* **Exercise brief**
Extract all lines in the data that contain the word "UNIV".

* **Material for this task**
▽

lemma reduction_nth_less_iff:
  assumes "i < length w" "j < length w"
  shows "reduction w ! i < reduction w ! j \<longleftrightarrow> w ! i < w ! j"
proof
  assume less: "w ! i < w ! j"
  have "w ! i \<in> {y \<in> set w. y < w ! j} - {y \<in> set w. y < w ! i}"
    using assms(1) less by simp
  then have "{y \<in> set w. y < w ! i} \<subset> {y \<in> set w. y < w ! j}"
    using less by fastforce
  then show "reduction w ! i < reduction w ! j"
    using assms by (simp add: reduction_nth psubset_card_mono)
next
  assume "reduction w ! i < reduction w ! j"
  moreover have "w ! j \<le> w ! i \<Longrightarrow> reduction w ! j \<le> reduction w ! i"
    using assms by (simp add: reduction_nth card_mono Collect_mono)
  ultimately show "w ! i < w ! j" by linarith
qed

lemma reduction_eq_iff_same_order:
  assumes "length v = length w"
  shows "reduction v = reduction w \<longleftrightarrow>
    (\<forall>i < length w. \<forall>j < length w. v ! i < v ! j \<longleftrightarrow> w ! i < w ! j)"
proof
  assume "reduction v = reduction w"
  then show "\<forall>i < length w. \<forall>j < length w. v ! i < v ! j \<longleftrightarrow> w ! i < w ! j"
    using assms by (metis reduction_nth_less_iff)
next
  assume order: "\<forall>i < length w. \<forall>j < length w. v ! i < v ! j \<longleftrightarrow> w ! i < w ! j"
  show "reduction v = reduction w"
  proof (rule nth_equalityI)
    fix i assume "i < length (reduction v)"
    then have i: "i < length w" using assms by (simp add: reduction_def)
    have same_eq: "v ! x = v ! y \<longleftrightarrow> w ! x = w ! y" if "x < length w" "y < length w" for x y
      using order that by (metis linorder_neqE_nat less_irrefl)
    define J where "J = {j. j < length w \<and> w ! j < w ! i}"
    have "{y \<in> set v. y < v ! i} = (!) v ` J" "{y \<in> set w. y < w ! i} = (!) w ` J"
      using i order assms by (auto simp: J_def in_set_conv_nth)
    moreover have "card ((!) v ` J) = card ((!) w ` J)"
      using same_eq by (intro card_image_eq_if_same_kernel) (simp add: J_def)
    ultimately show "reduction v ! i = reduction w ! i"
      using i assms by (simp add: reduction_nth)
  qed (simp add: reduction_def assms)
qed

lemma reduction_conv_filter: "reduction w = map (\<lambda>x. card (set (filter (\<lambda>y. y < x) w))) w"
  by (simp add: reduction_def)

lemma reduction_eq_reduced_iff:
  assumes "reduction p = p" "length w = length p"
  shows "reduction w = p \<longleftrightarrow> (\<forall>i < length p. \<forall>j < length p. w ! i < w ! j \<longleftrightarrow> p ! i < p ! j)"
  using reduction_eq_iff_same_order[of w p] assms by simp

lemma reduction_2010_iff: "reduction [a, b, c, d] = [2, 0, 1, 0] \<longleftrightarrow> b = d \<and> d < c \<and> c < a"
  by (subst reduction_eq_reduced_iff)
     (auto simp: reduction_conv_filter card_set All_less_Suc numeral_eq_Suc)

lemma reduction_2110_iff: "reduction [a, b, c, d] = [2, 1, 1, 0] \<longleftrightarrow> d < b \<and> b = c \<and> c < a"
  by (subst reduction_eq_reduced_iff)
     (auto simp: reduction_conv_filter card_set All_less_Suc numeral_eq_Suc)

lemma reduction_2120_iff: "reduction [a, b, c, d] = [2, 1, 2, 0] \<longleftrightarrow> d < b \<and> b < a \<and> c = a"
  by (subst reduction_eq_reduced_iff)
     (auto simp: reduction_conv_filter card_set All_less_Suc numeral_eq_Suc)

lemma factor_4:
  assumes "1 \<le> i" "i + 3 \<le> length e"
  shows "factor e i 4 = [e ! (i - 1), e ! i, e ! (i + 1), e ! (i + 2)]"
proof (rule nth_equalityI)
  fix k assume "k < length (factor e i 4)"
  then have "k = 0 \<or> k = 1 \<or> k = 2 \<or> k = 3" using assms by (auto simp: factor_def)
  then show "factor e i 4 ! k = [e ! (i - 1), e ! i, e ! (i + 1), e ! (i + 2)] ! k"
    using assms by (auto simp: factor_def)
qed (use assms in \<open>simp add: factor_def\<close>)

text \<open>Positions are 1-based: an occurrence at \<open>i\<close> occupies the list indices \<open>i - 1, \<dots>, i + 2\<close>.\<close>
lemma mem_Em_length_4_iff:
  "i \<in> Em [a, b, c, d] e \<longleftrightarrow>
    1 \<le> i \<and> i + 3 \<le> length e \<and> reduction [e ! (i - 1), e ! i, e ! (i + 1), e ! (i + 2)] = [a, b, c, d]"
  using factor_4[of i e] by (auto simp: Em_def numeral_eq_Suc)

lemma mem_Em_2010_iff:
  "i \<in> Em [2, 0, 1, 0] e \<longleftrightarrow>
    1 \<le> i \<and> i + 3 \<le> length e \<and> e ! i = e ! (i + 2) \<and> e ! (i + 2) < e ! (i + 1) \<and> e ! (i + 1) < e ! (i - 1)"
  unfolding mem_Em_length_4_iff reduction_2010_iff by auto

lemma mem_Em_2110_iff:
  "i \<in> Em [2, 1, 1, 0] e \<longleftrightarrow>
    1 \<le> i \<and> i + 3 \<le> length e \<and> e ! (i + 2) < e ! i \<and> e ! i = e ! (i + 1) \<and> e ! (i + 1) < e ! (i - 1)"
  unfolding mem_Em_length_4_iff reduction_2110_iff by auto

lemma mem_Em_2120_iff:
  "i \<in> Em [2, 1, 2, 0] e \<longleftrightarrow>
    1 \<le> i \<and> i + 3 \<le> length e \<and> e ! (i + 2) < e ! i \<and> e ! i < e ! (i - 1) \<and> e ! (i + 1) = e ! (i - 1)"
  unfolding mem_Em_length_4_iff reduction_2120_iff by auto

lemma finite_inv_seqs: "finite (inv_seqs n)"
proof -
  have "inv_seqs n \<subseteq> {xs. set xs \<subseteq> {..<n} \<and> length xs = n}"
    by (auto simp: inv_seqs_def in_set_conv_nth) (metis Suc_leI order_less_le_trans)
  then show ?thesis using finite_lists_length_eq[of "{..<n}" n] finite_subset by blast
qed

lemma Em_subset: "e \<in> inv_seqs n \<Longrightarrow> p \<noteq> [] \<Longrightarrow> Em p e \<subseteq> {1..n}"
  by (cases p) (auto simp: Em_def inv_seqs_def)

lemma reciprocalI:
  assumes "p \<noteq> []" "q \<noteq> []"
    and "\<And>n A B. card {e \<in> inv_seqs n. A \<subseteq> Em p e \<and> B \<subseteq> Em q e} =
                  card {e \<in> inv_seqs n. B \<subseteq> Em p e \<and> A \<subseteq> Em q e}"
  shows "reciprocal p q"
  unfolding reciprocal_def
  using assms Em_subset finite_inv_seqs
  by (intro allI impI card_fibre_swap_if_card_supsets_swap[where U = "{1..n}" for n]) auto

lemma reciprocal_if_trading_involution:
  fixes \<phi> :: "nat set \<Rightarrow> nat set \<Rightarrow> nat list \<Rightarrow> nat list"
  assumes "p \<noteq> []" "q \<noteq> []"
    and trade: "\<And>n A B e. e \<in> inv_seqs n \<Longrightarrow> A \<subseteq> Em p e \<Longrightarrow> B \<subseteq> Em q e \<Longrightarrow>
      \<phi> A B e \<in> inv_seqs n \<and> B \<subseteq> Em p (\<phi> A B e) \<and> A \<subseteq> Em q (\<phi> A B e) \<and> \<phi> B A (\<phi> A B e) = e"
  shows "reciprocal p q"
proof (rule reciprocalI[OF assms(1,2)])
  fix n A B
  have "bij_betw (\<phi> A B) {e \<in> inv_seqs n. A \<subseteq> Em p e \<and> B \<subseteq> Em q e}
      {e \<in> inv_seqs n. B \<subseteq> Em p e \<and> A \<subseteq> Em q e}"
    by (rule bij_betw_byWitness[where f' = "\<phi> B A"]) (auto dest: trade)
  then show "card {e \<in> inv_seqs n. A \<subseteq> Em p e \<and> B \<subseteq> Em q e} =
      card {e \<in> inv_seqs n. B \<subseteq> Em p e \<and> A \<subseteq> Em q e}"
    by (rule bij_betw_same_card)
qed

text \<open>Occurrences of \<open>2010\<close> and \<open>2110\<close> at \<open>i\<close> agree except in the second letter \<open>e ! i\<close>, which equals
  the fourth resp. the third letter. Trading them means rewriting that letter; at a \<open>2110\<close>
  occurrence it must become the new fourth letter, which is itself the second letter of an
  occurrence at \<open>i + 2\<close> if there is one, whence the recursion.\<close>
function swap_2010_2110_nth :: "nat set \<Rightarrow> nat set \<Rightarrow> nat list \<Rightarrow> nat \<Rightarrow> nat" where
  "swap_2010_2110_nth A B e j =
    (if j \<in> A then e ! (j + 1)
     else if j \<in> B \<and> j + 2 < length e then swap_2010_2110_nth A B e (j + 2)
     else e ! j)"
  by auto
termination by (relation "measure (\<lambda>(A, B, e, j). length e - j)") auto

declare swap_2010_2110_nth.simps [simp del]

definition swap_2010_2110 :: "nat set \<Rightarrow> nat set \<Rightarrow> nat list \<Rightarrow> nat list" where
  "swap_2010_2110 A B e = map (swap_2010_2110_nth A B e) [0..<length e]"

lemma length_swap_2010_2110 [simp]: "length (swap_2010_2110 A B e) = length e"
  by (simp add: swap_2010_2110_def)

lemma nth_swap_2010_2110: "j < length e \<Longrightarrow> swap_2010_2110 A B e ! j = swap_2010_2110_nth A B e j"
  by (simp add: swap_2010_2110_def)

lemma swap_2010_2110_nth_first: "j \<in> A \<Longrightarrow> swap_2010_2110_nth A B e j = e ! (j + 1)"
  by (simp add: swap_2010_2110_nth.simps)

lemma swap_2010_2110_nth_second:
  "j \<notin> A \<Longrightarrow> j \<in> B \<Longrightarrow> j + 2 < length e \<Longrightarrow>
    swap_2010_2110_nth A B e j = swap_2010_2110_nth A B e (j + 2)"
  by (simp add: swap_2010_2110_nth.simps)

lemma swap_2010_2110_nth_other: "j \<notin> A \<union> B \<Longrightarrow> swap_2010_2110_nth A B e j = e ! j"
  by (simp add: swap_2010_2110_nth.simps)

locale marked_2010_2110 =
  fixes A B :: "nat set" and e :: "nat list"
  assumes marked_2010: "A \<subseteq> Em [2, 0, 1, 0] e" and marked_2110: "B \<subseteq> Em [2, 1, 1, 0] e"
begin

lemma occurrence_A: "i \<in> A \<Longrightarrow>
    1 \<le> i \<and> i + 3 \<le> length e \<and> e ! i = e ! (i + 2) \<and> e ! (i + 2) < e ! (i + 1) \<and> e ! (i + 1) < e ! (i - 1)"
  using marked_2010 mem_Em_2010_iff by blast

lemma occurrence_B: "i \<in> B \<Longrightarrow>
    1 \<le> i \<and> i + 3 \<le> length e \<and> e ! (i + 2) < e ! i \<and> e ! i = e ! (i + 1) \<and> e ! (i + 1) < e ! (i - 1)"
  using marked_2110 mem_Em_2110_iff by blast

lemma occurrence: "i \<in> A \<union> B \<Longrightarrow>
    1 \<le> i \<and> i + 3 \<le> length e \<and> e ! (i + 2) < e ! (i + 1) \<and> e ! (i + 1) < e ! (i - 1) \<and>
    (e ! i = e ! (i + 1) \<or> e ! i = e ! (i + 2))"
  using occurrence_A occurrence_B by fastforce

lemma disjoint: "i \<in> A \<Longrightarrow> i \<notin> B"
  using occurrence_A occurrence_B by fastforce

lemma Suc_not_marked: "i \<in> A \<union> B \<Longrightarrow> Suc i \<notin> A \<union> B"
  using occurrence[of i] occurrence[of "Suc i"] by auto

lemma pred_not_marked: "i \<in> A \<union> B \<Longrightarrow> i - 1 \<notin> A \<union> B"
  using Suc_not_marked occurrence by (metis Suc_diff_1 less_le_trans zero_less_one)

△
▽

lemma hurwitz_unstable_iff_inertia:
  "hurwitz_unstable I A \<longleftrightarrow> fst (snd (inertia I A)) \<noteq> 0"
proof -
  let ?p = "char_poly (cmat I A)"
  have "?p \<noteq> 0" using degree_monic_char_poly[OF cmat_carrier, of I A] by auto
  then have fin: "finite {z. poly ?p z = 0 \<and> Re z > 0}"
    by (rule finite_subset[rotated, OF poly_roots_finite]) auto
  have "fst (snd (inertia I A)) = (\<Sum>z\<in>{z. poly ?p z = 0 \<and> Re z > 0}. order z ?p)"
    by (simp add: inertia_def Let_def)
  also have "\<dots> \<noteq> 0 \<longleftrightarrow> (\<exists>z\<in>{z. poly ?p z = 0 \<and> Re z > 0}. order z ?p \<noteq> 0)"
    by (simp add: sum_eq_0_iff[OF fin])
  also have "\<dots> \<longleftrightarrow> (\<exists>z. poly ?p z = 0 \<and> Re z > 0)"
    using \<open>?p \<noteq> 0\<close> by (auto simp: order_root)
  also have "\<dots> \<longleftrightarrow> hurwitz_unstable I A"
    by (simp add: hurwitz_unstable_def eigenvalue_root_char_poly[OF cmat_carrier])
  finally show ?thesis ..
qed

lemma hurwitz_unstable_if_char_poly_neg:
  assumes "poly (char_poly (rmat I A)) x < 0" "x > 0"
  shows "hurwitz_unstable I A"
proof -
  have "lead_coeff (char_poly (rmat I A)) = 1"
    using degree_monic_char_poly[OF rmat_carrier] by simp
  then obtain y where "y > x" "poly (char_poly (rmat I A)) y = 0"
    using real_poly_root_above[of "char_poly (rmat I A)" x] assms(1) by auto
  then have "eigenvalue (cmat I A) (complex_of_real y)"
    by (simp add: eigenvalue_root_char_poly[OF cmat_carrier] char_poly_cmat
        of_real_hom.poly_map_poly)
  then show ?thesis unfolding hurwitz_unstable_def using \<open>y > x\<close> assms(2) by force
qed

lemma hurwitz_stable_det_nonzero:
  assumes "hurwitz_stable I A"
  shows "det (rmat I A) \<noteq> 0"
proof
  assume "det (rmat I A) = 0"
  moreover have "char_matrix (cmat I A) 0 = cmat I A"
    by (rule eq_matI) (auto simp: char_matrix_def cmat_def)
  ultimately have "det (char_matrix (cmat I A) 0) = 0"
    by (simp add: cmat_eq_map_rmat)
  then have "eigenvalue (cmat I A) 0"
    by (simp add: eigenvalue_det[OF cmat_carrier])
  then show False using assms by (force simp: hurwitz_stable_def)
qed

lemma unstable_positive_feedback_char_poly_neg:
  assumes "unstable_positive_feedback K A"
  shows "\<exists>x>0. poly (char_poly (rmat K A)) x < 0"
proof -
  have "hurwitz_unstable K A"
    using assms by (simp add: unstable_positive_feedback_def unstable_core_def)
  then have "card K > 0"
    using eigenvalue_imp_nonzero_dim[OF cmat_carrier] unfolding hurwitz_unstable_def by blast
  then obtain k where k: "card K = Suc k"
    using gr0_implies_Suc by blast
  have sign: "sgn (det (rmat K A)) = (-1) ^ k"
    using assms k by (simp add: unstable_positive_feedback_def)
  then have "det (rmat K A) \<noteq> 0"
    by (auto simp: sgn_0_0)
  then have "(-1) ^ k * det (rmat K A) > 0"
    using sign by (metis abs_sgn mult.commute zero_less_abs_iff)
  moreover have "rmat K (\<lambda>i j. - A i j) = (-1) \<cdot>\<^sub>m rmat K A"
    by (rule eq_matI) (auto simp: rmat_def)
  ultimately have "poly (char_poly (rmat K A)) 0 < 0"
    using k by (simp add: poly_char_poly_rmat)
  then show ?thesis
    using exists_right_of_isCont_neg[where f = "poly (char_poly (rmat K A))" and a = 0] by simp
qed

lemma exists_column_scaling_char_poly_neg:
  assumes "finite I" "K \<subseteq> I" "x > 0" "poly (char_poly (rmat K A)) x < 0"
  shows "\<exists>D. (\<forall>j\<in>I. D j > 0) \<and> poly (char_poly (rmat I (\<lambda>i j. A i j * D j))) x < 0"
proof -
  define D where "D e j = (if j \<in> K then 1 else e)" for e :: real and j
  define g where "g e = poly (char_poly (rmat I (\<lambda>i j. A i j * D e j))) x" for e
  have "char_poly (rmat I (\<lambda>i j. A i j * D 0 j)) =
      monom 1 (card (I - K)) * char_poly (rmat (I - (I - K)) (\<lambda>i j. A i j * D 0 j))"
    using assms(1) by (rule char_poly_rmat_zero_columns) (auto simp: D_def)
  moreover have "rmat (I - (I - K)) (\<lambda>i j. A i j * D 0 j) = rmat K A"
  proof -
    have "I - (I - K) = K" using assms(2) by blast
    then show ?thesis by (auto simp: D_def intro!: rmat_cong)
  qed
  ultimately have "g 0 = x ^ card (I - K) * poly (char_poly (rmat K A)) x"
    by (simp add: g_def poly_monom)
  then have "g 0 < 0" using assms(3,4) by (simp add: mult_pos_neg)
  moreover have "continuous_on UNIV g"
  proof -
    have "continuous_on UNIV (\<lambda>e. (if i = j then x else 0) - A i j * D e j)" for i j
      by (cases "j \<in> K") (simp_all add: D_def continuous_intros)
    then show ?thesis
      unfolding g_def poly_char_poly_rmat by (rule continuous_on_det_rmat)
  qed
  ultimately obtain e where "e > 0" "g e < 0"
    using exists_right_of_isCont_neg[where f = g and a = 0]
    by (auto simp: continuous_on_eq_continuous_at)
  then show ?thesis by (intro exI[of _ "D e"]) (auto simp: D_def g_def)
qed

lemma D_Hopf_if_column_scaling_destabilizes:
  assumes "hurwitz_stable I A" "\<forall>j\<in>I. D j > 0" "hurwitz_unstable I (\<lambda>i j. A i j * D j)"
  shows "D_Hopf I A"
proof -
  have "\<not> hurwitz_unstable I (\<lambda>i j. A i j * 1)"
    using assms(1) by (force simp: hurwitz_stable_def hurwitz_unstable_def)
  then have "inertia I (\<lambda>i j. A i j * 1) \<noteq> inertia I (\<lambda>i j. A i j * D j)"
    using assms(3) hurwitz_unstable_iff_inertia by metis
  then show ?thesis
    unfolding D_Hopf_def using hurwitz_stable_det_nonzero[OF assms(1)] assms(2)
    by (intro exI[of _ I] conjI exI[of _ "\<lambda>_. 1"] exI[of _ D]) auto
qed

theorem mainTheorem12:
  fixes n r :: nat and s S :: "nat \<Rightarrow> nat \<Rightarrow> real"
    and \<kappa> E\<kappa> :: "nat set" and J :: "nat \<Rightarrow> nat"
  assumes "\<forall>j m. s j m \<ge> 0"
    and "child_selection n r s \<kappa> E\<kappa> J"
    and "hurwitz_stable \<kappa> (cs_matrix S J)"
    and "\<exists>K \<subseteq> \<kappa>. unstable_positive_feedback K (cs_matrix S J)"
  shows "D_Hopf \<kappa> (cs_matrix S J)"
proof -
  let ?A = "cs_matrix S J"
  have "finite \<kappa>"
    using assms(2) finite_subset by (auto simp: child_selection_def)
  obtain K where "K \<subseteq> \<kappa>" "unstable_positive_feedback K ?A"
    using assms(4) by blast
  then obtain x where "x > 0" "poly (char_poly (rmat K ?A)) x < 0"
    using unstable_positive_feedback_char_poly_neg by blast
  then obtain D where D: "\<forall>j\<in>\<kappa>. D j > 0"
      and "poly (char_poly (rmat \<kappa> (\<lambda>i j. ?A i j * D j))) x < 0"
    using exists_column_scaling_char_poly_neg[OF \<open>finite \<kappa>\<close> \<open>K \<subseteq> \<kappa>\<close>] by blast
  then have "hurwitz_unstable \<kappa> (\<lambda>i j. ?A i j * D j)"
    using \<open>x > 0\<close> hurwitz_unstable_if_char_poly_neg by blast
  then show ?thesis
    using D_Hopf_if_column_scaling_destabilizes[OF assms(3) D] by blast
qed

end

△

* **Solution to the exercise**
  moreover have "continuous_on UNIV g"
    have "continuous_on UNIV (\<lambda>e. (if i = j then x else 0) - A i j * D e j)" for i j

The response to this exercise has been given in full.